WORK TASK:
Copy all the lines of the data that include the word "obtain".

=== PROVIDED DATA ===

definition justified :: "'v set \<Rightarrow> 'b \<Rightarrow> ('v, 'b) vote set \<Rightarrow> 'b checkpoint \<Rightarrow> bool" where
  "justified V g W C \<longleftrightarrow> C = (g, 0) \<or> (\<exists>s. smlink V W s C)"

definition finalized ::
  "('b \<Rightarrow> 'b) \<Rightarrow> ('b \<Rightarrow> nat) \<Rightarrow> nat \<Rightarrow> 'v set \<Rightarrow> 'b \<Rightarrow> ('v, 'b) vote set \<Rightarrow> 'b checkpoint \<Rightarrow> bool" where
  "finalized par slot SPE V g W C \<longleftrightarrow>
     justified V g W C \<and>
     (\<exists>b eb. smlink V W C (b, eb) \<and> eb - snd C \<le> 2 \<and>
        (eb - snd C = 2 \<longrightarrow> justified V g W (cp par slot SPE b (snd C + 1), snd C + 1)))"

(* Honest behaviour of validator v; view e = votes seen by v when voting in epoch e. *)
definition honest ::
  "('b \<Rightarrow> 'b) \<Rightarrow> ('b \<Rightarrow> nat) \<Rightarrow> nat \<Rightarrow> 'v set \<Rightarrow> 'b \<Rightarrow> ('v, 'b) vote set
   \<Rightarrow> (nat \<Rightarrow> ('v, 'b) vote set) \<Rightarrow> 'v \<Rightarrow> bool" where
  "honest par slot SPE V g W view v \<longleftrightarrow>
     (\<forall>e. view e \<subseteq> W) \<and> (\<forall>e e'. e \<le> e' \<longrightarrow> view e \<subseteq> view e') \<and>
     (\<forall>s t s' t'. (v, s, t) \<in> W \<longrightarrow> (v, s', t') \<in> W \<longrightarrow> snd t = snd t' \<longrightarrow> s = s' \<and> t = t') \<and>
     (\<forall>a ea b eb. (v, (a, ea), (b, eb)) \<in> W \<longrightarrow>
        justified V g (view eb) (a, ea) \<and>
        (\<forall>a' ea'. justified V g (view eb) (a', ea') \<longrightarrow> ea' \<le> ea) \<and>
        (\<exists>h. anc par a h \<and> b = cp par slot SPE h eb))"

end

theory Submission
  imports Defs
begin

text \<open>The target of an honest vote always descends from its source. Let \<open>(a, e)\<close> be
  finalized via the link \<open>(a, e) \<rightarrow> (b, eb)\<close> and let \<open>s \<rightarrow> (d, E)\<close>, \<open>E > e\<close>, justify
  \<open>(d, E)\<close>. Two supermajority links share an honest voter. If \<open>E \<le> eb\<close>, then \<open>d\<close> is \<open>b\<close> or
  the checkpoint justified at epoch \<open>e + 1\<close> below \<open>b\<close>, because honest validators vote once
  per epoch. If \<open>E > eb\<close>, the voter had already seen \<open>(a, e)\<close> justified when voting in epoch
  \<open>E\<close>, so its source \<open>s\<close> has epoch at least \<open>e\<close>; by induction on \<open>E\<close>, \<open>s\<close> and hence \<open>d\<close>
  descend from \<open>a\<close>.\<close>

lemma anc_refl [simp]: "anc par x x"
  unfolding anc_def by (metis funpow_0)

lemma anc_trans:
  assumes "anc par x y" "anc par y z"
  shows "anc par x z"
proof -
  obtain i j where "(par ^^ i) z = y" "(par ^^ j) y = x"
    using assms unfolding anc_def by blast
  then have "(par ^^ (j + i)) z = x" by (simp add: funpow_add)
  then show ?thesis unfolding anc_def by blast
qed

lemma block_tree_slot_0_eq_genesis:
  assumes "block_tree par g slot" "slot b = 0"
  shows "b = g"
  using assms unfolding block_tree_def by force

lemma block_tree_cp_exists:
  assumes "block_tree par g slot"
  shows "\<exists>k. slot ((par ^^ k) h) \<le> E * SPE"
  using assms unfolding block_tree_def anc_def by (metis le0)

lemma cp_anc_head: "anc par (cp par slot SPE h E) h"
  unfolding cp_def anc_def by blast

lemma cp_slot_le:
  assumes "block_tree par g slot"
  shows "slot (cp par slot SPE h E) \<le> E * SPE"
  using LeastI_ex[OF block_tree_cp_exists[OF assms]] unfolding cp_def .

lemma anc_cp_if_anc_head:
  assumes "anc par x h" "slot x \<le> E * SPE"
  shows "anc par x (cp par slot SPE h E)"
proof -
  obtain j where j: "(par ^^ j) h = x" using assms(1) unfolding anc_def by blast
  define L where "L = (LEAST k. slot ((par ^^ k) h) \<le> E * SPE)"
  have "L \<le> j" unfolding L_def using j assms(2) by (intro Least_le) simp
  then have "x = (par ^^ (j - L)) ((par ^^ L) h)"
    using j by (metis funpow_add le_add_diff_inverse2 comp_apply)
  then show ?thesis unfolding cp_def L_def[symmetric] anc_def by blast
qed

lemma is_checkpoint_slot_le:
  assumes "block_tree par g slot" "is_checkpoint par slot SPE (b, E)"
  shows "slot b \<le> E * SPE"
  using assms cp_slot_le unfolding is_checkpoint_def by fastforce

lemma smlink_mono:
  assumes "finite V" "W1 \<subseteq> W2" "smlink V W1 s t"
  shows "smlink V W2 s t"
proof -
  have "card {v \<in> V. (v, s, t) \<in> W1} \<le> card {v \<in> V. (v, s, t) \<in> W2}"
    using assms by (intro card_mono) auto
  then show ?thesis using assms(3) unfolding smlink_def by linarith
qed

lemma justified_mono:
  assumes "finite V" "W1 \<subseteq> W2" "justified V g W1 C"
  shows "justified V g W2 C"
  using assms smlink_mono unfolding justified_def by blast

lemma smlinks_common_honest_voter:
  assumes "finite V" "Byz \<subseteq> V" "3 * card Byz < card V"
    and "smlink V W s t" "smlink V W s' t'"
  shows "\<exists>v \<in> V - Byz. (v, s, t) \<in> W \<and> (v, s', t') \<in> W"
proof (rule ccontr)
  assume none: "\<not> ?thesis"
  define A where "A = {v \<in> V. (v, s, t) \<in> W}"
  define B where "B = {v \<in> V. (v, s', t') \<in> W}"
  have fin: "finite A" "finite B" using assms(1) unfolding A_def B_def by auto
  have "A \<inter> B \<subseteq> Byz" using none unfolding A_def B_def by auto
  then have "card (A \<inter> B) \<le> card Byz" using assms(1,2) by (meson card_mono finite_subset)
  moreover have "card (A \<union> B) \<le> card V" using assms(1) unfolding A_def B_def by (intro card_mono) auto
  moreover have "card A + card B = card (A \<union> B) + card (A \<inter> B)" using fin card_Un_Int by blast
  moreover have "3 * card A > 2 * card V" "3 * card B > 2 * card V"
    using assms(4,5) unfolding smlink_def A_def B_def by auto
  ultimately show False using assms(3) by linarith
qed

context
  fixes par :: "'b \<Rightarrow> 'b" and slot SPE V g W view and v :: 'v
  assumes honest: "honest par slot SPE V g W view v"
begin

lemma honest_view_subset: "view e \<subseteq> W"
  using honest unfolding honest_def by (elim conjE) (rule spec)

lemma honest_view_mono: "e \<le> e' \<Longrightarrow> view e \<subseteq> view e'"
  using honest[unfolded honest_def, THEN conjunct2, THEN conjunct1] by blast

lemma honest_one_vote_per_epoch: "(v, s, (x, E)) \<in> W \<Longrightarrow> (v, s', (y, E)) \<in> W \<Longrightarrow> x = y"
  using honest[unfolded honest_def, THEN conjunct2, THEN conjunct2, THEN conjunct1, rule_format]
  by fastforce

lemmas honest_vote = honest[unfolded honest_def, THEN conjunct2, THEN conjunct2, THEN conjunct2, rule_format]

lemma honest_source_justified_in_view: "(v, (a, ea), (b, eb)) \<in> W \<Longrightarrow> justified V g (view eb) (a, ea)"
  using honest_vote by blast

lemma honest_source_latest:
  "(v, (a, ea), (b, eb)) \<in> W \<Longrightarrow> justified V g (view eb) (a', ea') \<Longrightarrow> ea' \<le> ea"
  using honest_vote by blast

lemma honest_target_on_source_chain:
  "(v, (a, ea), (b, eb)) \<in> W \<Longrightarrow> \<exists>h. anc par a h \<and> b = cp par slot SPE h eb"
  using honest_vote by blast

end

locale casper =
  fixes par :: "'b \<Rightarrow> 'b" and g :: 'b and slot :: "'b \<Rightarrow> nat" and SPE :: nat
    and V Byz :: "'v set" and W :: "('v, 'b) vote set" and view :: "'v \<Rightarrow> nat \<Rightarrow> ('v, 'b) vote set"
  assumes tree: "block_tree par g slot"
    and finite_V: "finite V" and Byz_subset: "Byz \<subseteq> V" and Byz_card: "3 * card Byz < card V"
    and votes_wf: "\<forall>(v, s, t) \<in> W. is_checkpoint par slot SPE s \<and> is_checkpoint par slot SPE t \<and> snd s < snd t"
    and honest_V: "\<forall>v \<in> V - Byz. honest par slot SPE V g W (view v) v"
begin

===

RESPONSE BOX:
  obtain i j where "(par ^^ i) z = y" "(par ^^ j) y = x"
  obtain j where j: "(par ^^ j) h = x" using assms(1) unfolding anc_def by blast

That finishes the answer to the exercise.